Margaret Visser
The Rituals of Dinner
THE ORIGINS, EVOLUTION, ECCENTRICITIES,
AND MEANING OF TABLE MANNERS
For Emily and Alexander
T HIS book is a commentary on the manifold meanings of the rituals of dinner; it is about how we eat, and why we eat as we do. Human beings work hard to supply themselves with food: first we have to find it, cultivate it, hunt it, make long-term plans to transport and store it, and keep struggling to secure regular supplies of it. Next we buy it, carry it home, and keep it until we are ready. Then we prepare it, clean it, skin, chop, cook, and dish it up. Now comes the climax of all our efforts, the easiest part: eating it. And immediately we start to cloak the proceedings with a system of rules. We insist on special places and times for eating, on specific equipment, on stylized decoration, on predictable sequence among the foods eaten, on limitation of movement, and on bodily propriety. In other words, we turn the consumption of food, a biological necessity, into a carefully cultured phenomenon. We use eating as a medium for social relationships: satisfaction of the most individual of needs becomes a means of creating community.
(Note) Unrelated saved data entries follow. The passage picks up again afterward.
(* Let $A=[a_{ij}]$ be an $n\times n$ real matrix and suppose that $Av=\lambda v$ for some real number $\lambda$ and some real vector $v=(v_1,\dots,v_n)^T$ with $v_i\neq 0$ for all $i$. Let $S=\mathrm{diag}(v)$ and $B=S^{-1}AS$. If $\lambda_2$ is an eigenvalue of $A$ different from $\lambda$, then $\lambda_2$ lies in the Gershgorin region of the second type of $B^T$.
   Context: For a real $n\times n$ matrix $M=[m_{ij}]$ and an index $j$, let $y_1\ge y_2\ge\dots\ge y_n$ be the non-increasing rearrangement of the $n$ numbers $m_{1j},\dots,m_{j-1,j},0,m_{j+1,j},\dots,m_{nj}$ (the $j$-th column of $M$ with its diagonal entry replaced by $0$). Define $\hat r_j=\sum_{t=1}^{(n-1)/2}y_t-\sum_{t=(n+3)/2}^{n}y_t$ if $n$ is odd, and $\hat r_j=\sum_{t=1}^{n/2}y_t-\sum_{t=n/2+1}^{n}y_t$ if $n$ is even. The Gershgorin disc of the second type of $M^T$ associated with index $j$ is the closed disc $\{z\in\mathbb{C}:|z-m_{jj}|\le \hat r_j\}$, and the Gershgorin region of the second type of $M^T$ is the union of these $n$ discs. *)

theory Defs
  imports "Jordan_Normal_Form.Char_Poly"
begin

definition gersh2_sorted_col :: "real mat \<Rightarrow> nat \<Rightarrow> real list" where
  "gersh2_sorted_col M j =
     rev (sort (map (\<lambda>i. if i = j then 0 else M $$ (i, j)) [0..<dim_row M]))"

text \<open>The radius r-hat j (positions 1..(n-1)/2 minus positions (n+3)/2..n if n odd;
  positions 1..n/2 minus positions n/2+1..n if n even; 1-based in the paper).\<close>
definition gersh2_radius :: "real mat \<Rightarrow> nat \<Rightarrow> real" where
  "gersh2_radius M j =
     (let n = dim_row M; ys = gersh2_sorted_col M j in
      if odd n then sum_list (take ((n - 1) div 2) ys) - sum_list (drop ((n + 1) div 2) ys)
      else sum_list (take (n div 2) ys) - sum_list (drop (n div 2) ys))"

definition gersh2_region_transpose :: "real mat \<Rightarrow> complex set" where
  "gersh2_region_transpose M =
     (\<Union>j\<in>{0..<dim_row M}. {z. cmod (z - complex_of_real (M $$ (j, j))) \<le> gersh2_radius M j})"

end

theory Submission
  imports Defs
begin

(*
  Conjugating by S = diag v turns the eigenvector v into the all-ones vector, so B = S^-1 A S
  has all row sums equal to lam and the same eigenvalues as A. A left eigenvector w of B for
  lam2 <> lam is orthogonal to the all-ones vector, i.e. sum_i w_i = 0. Hence for every real c,
  (lam2 - b_jj) w_j = sum_i w_i (y_i - c), where y is column j of B with its diagonal entry
  replaced by 0. Choosing j with |w_j| maximal gives |lam2 - b_jj| <= sum_i |y_i - c|, and for
  c a median of the y_i this sum is exactly the radius r-hat_j.
*)

lemma sum_list_abs_diff_split:
  fixes ys :: "real list"
  assumes "\<forall>y\<in>set (take k ys). c \<le> y" and "\<forall>y\<in>set (drop k ys). y \<le> c"
  shows "(\<Sum>y\<leftarrow>ys. \<bar>y - c\<bar>) = sum_list (take k ys) - sum_list (drop k ys)
           + (real (length (drop k ys)) - real (length (take k ys))) * c"
proof -
  have "(\<Sum>y\<leftarrow>ys. \<bar>y - c\<bar>) = (\<Sum>y\<leftarrow>take k ys. \<bar>y - c\<bar>) + (\<Sum>y\<leftarrow>drop k ys. \<bar>y - c\<bar>)"
    by (metis append_take_drop_id map_append sum_list_append)
  also have "(\<Sum>y\<leftarrow>take k ys. \<bar>y - c\<bar>) = (\<Sum>y\<leftarrow>take k ys. y - c)"
    using assms(1) by (intro arg_cong[where f = sum_list] map_cong) auto
  also have "(\<Sum>y\<leftarrow>drop k ys. \<bar>y - c\<bar>) = (\<Sum>y\<leftarrow>drop k ys. c - y)"
    using assms(2) by (intro arg_cong[where f = sum_list] map_cong) auto
  finally show ?thesis by (simp add: sum_list_subtractf sum_list_triv algebra_simps)
qed

lemma sum_list_abs_diff_median:
  fixes ys :: "real list"
  assumes sorted: "sorted (rev ys)" and ne: "ys \<noteq> []"
  defines "n \<equiv> length ys"
  shows "(\<Sum>y\<leftarrow>ys. \<bar>y - ys ! (n div 2)\<bar>) =
     (if odd n then sum_list (take ((n - 1) div 2) ys) - sum_list (drop ((n + 1) div 2) ys)
      else sum_list (take (n div 2) ys) - sum_list (drop (n div 2) ys))"
proof -
  let ?m = "n div 2"
  let ?c = "ys ! ?m"
  have m: "?m < n" using ne by (simp add: n_def)
  have "\<forall>y\<in>set (take ?m ys). ?c \<le> y"
    using m sorted_rev_nth_mono[OF sorted] by (auto simp: in_set_conv_nth n_def)
  moreover have "\<forall>y\<in>set (drop ?m ys). y \<le> ?c"
    using m sorted_rev_nth_mono[OF sorted] by (auto simp: in_set_conv_nth n_def)
  ultimately have split: "(\<Sum>y\<leftarrow>ys. \<bar>y - ?c\<bar>) = sum_list (take ?m ys) - sum_list (drop ?m ys)
      + (real (n - ?m) - real ?m) * ?c"
    using m by (simp add: sum_list_abs_diff_split n_def min_def)
  show ?thesis
  proof (cases "odd n")
    case True
    have "drop ?m ys = ?c # drop (Suc ?m) ys"
      using m by (simp add: Cons_nth_drop_Suc n_def)
    moreover have "(n - 1) div 2 = ?m" "(n + 1) div 2 = Suc ?m" "n - ?m = Suc ?m"
      using True by presburger+
    ultimately show ?thesis using split True by simp
  next
    case False
    then have "n - ?m = ?m" by presburger
    then show ?thesis using split False by simp
  qed
qed

lemma gersh2_radius_eq_sum_abs_diff:
  fixes M :: "real mat"
  assumes "dim_row M > 0"
  obtains c where
    "gersh2_radius M j = (\<Sum>i\<in>{0..<dim_row M}. \<bar>(if i = j then 0 else M $$ (i, j)) - c\<bar>)"
proof
  let ?n = "dim_row M"
  let ?col = "map (\<lambda>i. if i = j then 0 else M $$ (i, j)) [0..<?n]"
  let ?ys = "gersh2_sorted_col M j"
  let ?c = "?ys ! (?n div 2)"
  have ys: "?ys = rev (sort ?col)" by (simp add: gersh2_sorted_col_def)
  have len: "length ?ys = ?n" by (simp add: ys)
  have sorted: "sorted (rev ?ys)" by (simp add: ys)
  have nonempty: "?ys \<noteq> []" using assms len by force
  have radius: "gersh2_radius M j = (\<Sum>y\<leftarrow>?ys. \<bar>y - ?c\<bar>)"
    using sum_list_abs_diff_median[OF sorted nonempty] unfolding len gersh2_radius_def Let_def
    by (rule sym)
  have "mset (map (\<lambda>y. \<bar>y - ?c\<bar>) ?ys) = mset (map (\<lambda>y. \<bar>y - ?c\<bar>) ?col)"
    by (simp only: ys mset_map mset_rev mset_sort)
  then have "(\<Sum>y\<leftarrow>?ys. \<bar>y - ?c\<bar>) = (\<Sum>y\<leftarrow>?col. \<bar>y - ?c\<bar>)"
    by (simp only: flip: sum_mset_sum_list)
  also have "\<dots> = (\<Sum>i\<in>{0..<?n}. \<bar>(if i = j then 0 else M $$ (i, j)) - ?c\<bar>)"
    by (simp add: interv_sum_list_conv_sum_set_nat comp_def)
  finally show "gersh2_radius M j = (\<Sum>i\<in>{0..<?n}. \<bar>(if i = j then 0 else M $$ (i, j)) - ?c\<bar>)"
    using radius by simp
qed

lemma zero_sum_eigenvector_column_bound:
  fixes w :: "'i \<Rightarrow> complex" and b :: "'i \<Rightarrow> real"
  assumes I: "finite I" and j: "j \<in> I"
    and zero_sum: "(\<Sum>i\<in>I. w i) = 0"
    and max: "\<forall>i\<in>I. cmod (w i) \<le> cmod (w j)" and "w j \<noteq> 0"
    and column: "(\<Sum>i\<in>I. w i * of_real (b i)) = mu * w j"
  shows "cmod (mu - of_real (b j)) \<le> (\<Sum>i\<in>I. \<bar>(if i = j then 0 else b i) - c\<bar>)"
proof -
  define y where "y i = (if i = j then 0 else b i)" for i
  have "(\<Sum>i\<in>I. w i * of_real (b i)) = (\<Sum>i\<in>I. w i * of_real (y i)) + w j * of_real (b j)"
    using I j by (simp add: y_def sum.If_cases algebra_simps Int_absorb1 sum.remove)
  then have "(mu - of_real (b j)) * w j = (\<Sum>i\<in>I. w i * of_real (y i)) - of_real c * (\<Sum>i\<in>I. w i)"
    using column zero_sum by (simp add: algebra_simps)
  also have "\<dots> = (\<Sum>i\<in>I. w i * of_real (y i - c))"
    by (simp add: algebra_simps sum_subtractf sum_distrib_left)
  finally have "cmod (mu - of_real (b j)) * cmod (w j) = cmod (\<Sum>i\<in>I. w i * of_real (y i - c))"
    by (metis norm_mult)
  also have "\<dots> \<le> (\<Sum>i\<in>I. cmod (w i) * \<bar>y i - c\<bar>)"
    by (rule order_trans[OF norm_sum]) (simp add: norm_mult flip: of_real_diff)
  also have "\<dots> \<le> (\<Sum>i\<in>I. cmod (w j) * \<bar>y i - c\<bar>)"
    using max by (intro sum_mono mult_right_mono) auto
  finally show ?thesis
    using \<open>w j \<noteq> 0\<close> by (simp add: y_def sum_distrib_left[symmetric] mult.commute)
qed

lemma eigenvalue_transpose_mat:
  fixes A :: "'a :: field mat"
  assumes "A \<in> carrier_mat n n"
  shows "eigenvalue (transpose_mat A) k \<longleftrightarrow> eigenvalue A k"
  using assms by (simp add: eigenvalue_root_char_poly[of _ n])

lemma left_eigenvector_sum_eq_0:
  fixes M :: "'a :: field mat"
  assumes M: "M \<in> carrier_mat n n" and w: "w \<in> carrier_vec n"
    and right: "M *\<^sub>v vec n (\<lambda>_. 1) = a \<cdot>\<^sub>v vec n (\<lambda>_. 1)"
    and left: "transpose_mat M *\<^sub>v w = b \<cdot>\<^sub>v w" and "a \<noteq> b"
  shows "(\<Sum>i\<in>{0..<n}. w $ i) = 0"
proof -
  let ?one = "vec n (\<lambda>_. 1) :: 'a vec"
  have "b * (w \<bullet> ?one) = (transpose_mat M *\<^sub>v w) \<bullet> ?one"
    using w by (simp add: left smult_scalar_prod_distrib)
  also have "\<dots> = w \<bullet> (M *\<^sub>v ?one)"
    using M w by (simp add: transpose_vec_mult_scalar)
  also have "\<dots> = a * (w \<bullet> ?one)"
    using w by (simp add: right scalar_prod_smult_distrib)
  finally have "w \<bullet> ?one = 0" using \<open>a \<noteq> b\<close> by simp
  then show ?thesis using w by (simp add: scalar_prod_def)
qed

lemma eigenvalue_in_gersh2_region_transpose:
  fixes B :: "real mat" and mu :: complex
  assumes B: "B \<in> carrier_mat n n"
    and row_sums: "B *\<^sub>v vec n (\<lambda>_. 1) = lam \<cdot>\<^sub>v vec n (\<lambda>_. 1)"
    and mu: "eigenvalue (map_mat complex_of_real B) mu" and ne: "mu \<noteq> complex_of_real lam"
  shows "mu \<in> gersh2_region_transpose B"
proof -
  let ?Bc = "map_mat complex_of_real B"
  have Bc: "?Bc \<in> carrier_mat n n" using B by simp
  have "?Bc *\<^sub>v vec n (\<lambda>_. 1) = map_vec complex_of_real (B *\<^sub>v vec n (\<lambda>_. 1))"
    using B by (intro eq_vecI) (auto simp: scalar_prod_def)
  also have "\<dots> = of_real lam \<cdot>\<^sub>v vec n (\<lambda>_. 1)"
    unfolding row_sums by auto
  finally have row_sums_c: "?Bc *\<^sub>v vec n (\<lambda>_. 1) = of_real lam \<cdot>\<^sub>v vec n (\<lambda>_. 1)" .
  have "eigenvalue (transpose_mat ?Bc) mu" using mu eigenvalue_transpose_mat[OF Bc] by simp
  then obtain w where w: "w \<in> carrier_vec n" "w \<noteq> 0\<^sub>v n" "transpose_mat ?Bc *\<^sub>v w = mu \<cdot>\<^sub>v w"
    unfolding eigenvalue_def eigenvector_def using Bc by auto
  have zero_sum: "(\<Sum>i\<in>{0..<n}. w $ i) = 0"
    using left_eigenvector_sum_eq_0[OF Bc w(1) row_sums_c w(3)] ne by auto
  obtain k where k: "k < n" "w $ k \<noteq> 0"
    using w(1,2) by (metis carrier_vecD eq_vecI index_zero_vec)
  obtain j where j: "j < n" "\<forall>i<n. cmod (w $ i) \<le> cmod (w $ j)"
    using ex_is_arg_min_if_finite[of "{0..<n}" "\<lambda>i. - cmod (w $ i)"] k(1)
    by (auto simp: is_arg_min_linorder)
  have "w $ j \<noteq> 0" using j k by force
  have column: "(\<Sum>i\<in>{0..<n}. w $ i * of_real (B $$ (i, j))) = mu * w $ j"
    using arg_cong[OF w(3), of "\<lambda>u. u $ j"] j(1) w(1) B
    by (simp add: scalar_prod_def mult.commute)
  have "n > 0" using j(1) by simp
  then obtain c where
    c: "gersh2_radius B j = (\<Sum>i\<in>{0..<n}. \<bar>(if i = j then 0 else B $$ (i, j)) - c\<bar>)"
    using gersh2_radius_eq_sum_abs_diff[of B j] B by auto
  have "cmod (mu - of_real (B $$ (j, j))) \<le> gersh2_radius B j"
    unfolding c using zero_sum_eigenvector_column_bound[OF _ _ zero_sum _ \<open>w $ j \<noteq> 0\<close> column] j
    by auto
  then show ?thesis using j(1) B unfolding gersh2_region_transpose_def by auto
qed

lemma similar_mat_conj:
  assumes A: "A \<in> carrier_mat n n" and S: "S \<in> carrier_mat n n" and Sinv: "Sinv \<in> carrier_mat n n"
    and S_Sinv: "S * Sinv = 1\<^sub>m n" and Sinv_S: "Sinv * S = 1\<^sub>m n"
  shows "similar_mat A (Sinv * A * S)"
proof -
  have "S * (Sinv * A * S) * Sinv = (S * Sinv) * A * (S * Sinv)"
    using A S Sinv by (simp add: assoc_mult_mat[of _ n n _ n _ n])
  also have "\<dots> = A" using A by (simp add: S_Sinv)
  finally show ?thesis
    using assms by (intro similar_matI[of _ _ S Sinv n]) auto
qed

lemma eigenvalue_map_of_real_similar:
  fixes A B :: "real mat"
  assumes "similar_mat A B"
  shows "eigenvalue (map_mat complex_of_real A) k \<longleftrightarrow> eigenvalue (map_mat complex_of_real B) k"
proof -
  obtain n where A: "A \<in> carrier_mat n n" and B: "B \<in> carrier_mat n n"
    using similar_matD[OF assms] by auto
  have "char_poly (map_mat complex_of_real A) = char_poly (map_mat complex_of_real B)"
    using A B assms by (simp add: of_real_hom.char_poly_hom char_poly_similar)
  then show ?thesis
    using A B by (simp add: eigenvalue_root_char_poly[of _ n])
qed

lemma conj_mult_mat_vec_ones:
  fixes A S Sinv :: "'a :: field mat"
  assumes A: "A \<in> carrier_mat n n" and S: "S \<in> carrier_mat n n" and Sinv: "Sinv \<in> carrier_mat n n"
    and Sinv_S: "Sinv * S = 1\<^sub>m n" and S_one: "S *\<^sub>v vec n (\<lambda>_. 1) = v"
    and eig: "A *\<^sub>v v = lam \<cdot>\<^sub>v v"
  shows "(Sinv * A * S) *\<^sub>v vec n (\<lambda>_. 1) = lam \<cdot>\<^sub>v vec n (\<lambda>_. 1)"
proof -
  let ?one = "vec n (\<lambda>_. 1) :: 'a vec"
  have v: "v \<in> carrier_vec n" using S S_one by auto
  have "(Sinv * A * S) *\<^sub>v ?one = Sinv *\<^sub>v (A *\<^sub>v (S *\<^sub>v ?one))"
    by (simp only: assoc_mult_mat_vec[OF mult_carrier_mat[OF Sinv A] S vec_carrier]
        assoc_mult_mat_vec[OF Sinv A mult_mat_vec_carrier[OF S vec_carrier]])
  also have "\<dots> = lam \<cdot>\<^sub>v (Sinv *\<^sub>v (S *\<^sub>v ?one))"
    using Sinv v by (simp add: S_one eig mult_mat_vec)
  also have "Sinv *\<^sub>v (S *\<^sub>v ?one) = ?one"
    using Sinv S by (simp flip: assoc_mult_mat_vec add: Sinv_S)
  finally show ?thesis .
qed

theorem theorem3:
  fixes A :: "real mat" and v :: "real vec" and lam :: real and lam2 :: complex
    and S Sinv :: "real mat" and n :: nat
  assumes A: "A \<in> carrier_mat n n"
    and v: "v \<in> carrier_vec n"
    and v_nz: "\<forall>i<n. v $ i \<noteq> 0"
    and eig: "A *\<^sub>v v = lam \<cdot>\<^sub>v v"
    and S_def: "S = mat n n (\<lambda>(i, j). if i = j then v $ i else 0)"
    and Sinv: "Sinv \<in> carrier_mat n n" "inverts_mat S Sinv" "inverts_mat Sinv S"
    and lam2: "eigenvalue (map_mat complex_of_real A) lam2"
    and ne: "lam2 \<noteq> complex_of_real lam"
  shows "lam2 \<in> gersh2_region_transpose (Sinv * A * S)"
proof -
  have S: "S \<in> carrier_mat n n" using S_def by simp
  have S_Sinv: "S * Sinv = 1\<^sub>m n" and Sinv_S: "Sinv * S = 1\<^sub>m n"
    using Sinv S unfolding inverts_mat_def by auto
  have S_one: "S *\<^sub>v vec n (\<lambda>_. 1) = v"
    using S_def v by (intro eq_vecI) (auto simp: scalar_prod_def sum.If_cases)
  have B: "Sinv * A * S \<in> carrier_mat n n" using Sinv(1) A S by simp
  have "similar_mat A (Sinv * A * S)"
    using similar_mat_conj[OF A S Sinv(1) S_Sinv Sinv_S] .
  with lam2 have "eigenvalue (map_mat complex_of_real (Sinv * A * S)) lam2"
    by (simp add: eigenvalue_map_of_real_similar)
  then show ?thesis
    using eigenvalue_in_gersh2_region_transpose[OF B conj_mult_mat_vec_ones[OF A S Sinv(1) Sinv_S S_one eig]] ne
    by blast
qed

end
Table manners have a history, ancient and complex: each society has gradually evolved its system, altering its ways sometimes to suit circumstance, but also vigilantly maintaining its customs in order to support its ideals and its aesthetic style, and to buttress its identity. Our own society has made choices in order to arrive at the table manners we now observe. Other people, in other parts of the world today, have rules that are different from ours, and it is important to try to comprehend the reasoning that lies behind what they do if we are to understand what we do and why.
For in spite of the differences, table manners, all things considered, are remarkably similar both historically and the world over. There is a very strong tendency everywhere to prefer cleanliness or consideration for others or the solidarity of the dining group. Ritual emphases on such matters are occasionally highly idiosyncratic. But most rituals with these meanings have a good deal in common, and when people do things differently they usually do them for reasons that are easy to understand and appreciate. Sometimes, for example, festive diners are expected to eat a lot. Feasts are exceptional occasions, and a great deal of work has gone into them: the least a guest can do is show enjoyment. Fasting beforehand may very well be necessary, and exclaiming with pleasure, smacking ones lips, and so on might be thought both polite and benevolent. Other cultures prefer to stress that food is not everything, and guzzling is disgusting: restraint before the plenty offered is admired, and signifying enjoyment by word or deed is frowned upon. Sometimes it is correct to be silent while eating: food deserves respect and concentration. In other cases one must at all costs talk: we have met not merely to feed, but to commune with fellow human beings. Even though we come down on one side or the other, we can sympathize with the concerns that lie behind the alternative choice of action.
The book is organized neither chronologically nor by culture and geography. I have elected rather to travel, both in space and in timeto choose examples of behaviour from other places and periods of history wherever they throw light, whether by similarity or by difference, upon our own attitudes, traditions, and peculiarities of behaviour. My aim has been to enrich anyones experience of a meal in the European and American tradition, to heighten our awareness and interest on the occasions when we might be invited to share meals in other cultures, and to give the reader some idea of the great range of tradition, significance, and social sophistication which is inherent in the actions performed during the simplest dinner eaten with family or friends.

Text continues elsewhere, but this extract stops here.